Task objective:
Within the material below, transcribe exactly the lines from the one holding "x) \<le> norm" through the one holding "by (intro add_mono op_norm_bound)", keeping both ends and skipping the rest.

Data for processing:
-*-*-
lemma op_norm_add: "op_norm (A + B) \<le> op_norm A + op_norm B"
proof (rule op_norm_le)
  fix x
  have "norm ((A + B) *v x) \<le> norm (A *v x) + norm (B *v x)"
    by (simp add: matrix_vector_mult_add_rdistrib norm_triangle_ineq)
  also have "\<dots> \<le> op_norm A * norm x + op_norm B * norm x"
    by (intro add_mono op_norm_bound)
  finally show "norm ((A + B) *v x) \<le> (op_norm A + op_norm B) * norm x"
    by (simp add: algebra_simps)
qed

lemma op_norm_scaleR: "op_norm (c *\<^sub>R A) = \<bar>c\<bar> * op_norm A"
proof -
  have "(\<lambda>x. (c *\<^sub>R A) *v x) = (\<lambda>x. c *\<^sub>R (A *v x))"
    by (simp add: fun_eq_iff vec_eq_iff matrix_vector_mult_def scaleR_sum_right)
  then show ?thesis
    unfolding op_norm_def by (simp add: onorm_scaleR[OF bounded_linear_matrix_vector_mult])
qed

lemma op_norm_sum: "op_norm (\<Sum>s\<in>S. f s :: complex^'n^'n) \<le> (\<Sum>s\<in>S. op_norm (f s))"
proof (induction S rule: infinite_finite_induct)
  case (insert x F)
  then show ?case
    using op_norm_add[of "f x" "sum f F"] by simp
qed (simp_all add: op_norm_def onorm_zero)

lemma op_norm_convex_combination_le_1:
  assumes "\<And>s. s \<in> S \<Longrightarrow> p s \<ge> 0" "(\<Sum>s\<in>S. p s) = 1" "\<And>s. s \<in> S \<Longrightarrow> op_norm (A s) \<le> 1"
  shows "op_norm (\<Sum>s\<in>S. p s *\<^sub>R A s) \<le> 1"
proof -
  have "op_norm (\<Sum>s\<in>S. p s *\<^sub>R A s) \<le> (\<Sum>s\<in>S. p s * op_norm (A s))"
    using op_norm_sum[of "\<lambda>s. p s *\<^sub>R A s" S] assms(1) by (simp add: op_norm_scaleR)
  also have "\<dots> \<le> (\<Sum>s\<in>S. p s)"
    using assms(1,3) by (intro sum_mono) (simp add: mult_left_le)
  finally show ?thesis
    using assms(2) by simp
qed

section \<open>Spectral theorem for Hermitian matrices\<close>

definition orthonormal :: "(complex^'n) set \<Rightarrow> bool" where
  "orthonormal S \<longleftrightarrow> (\<forall>v\<in>S. cinner v v = 1) \<and> (\<forall>v\<in>S. \<forall>w\<in>S. v \<noteq> w \<longrightarrow> cinner v w = 0)"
-*-*-
Written solution:
  have "norm ((A + B) *v x) \<le> norm (A *v x) + norm (B *v x)"
    by (simp add: matrix_vector_mult_add_rdistrib norm_triangle_ineq)
  also have "\<dots> \<le> op_norm A * norm x + op_norm B * norm x"
    by (intro add_mono op_norm_bound)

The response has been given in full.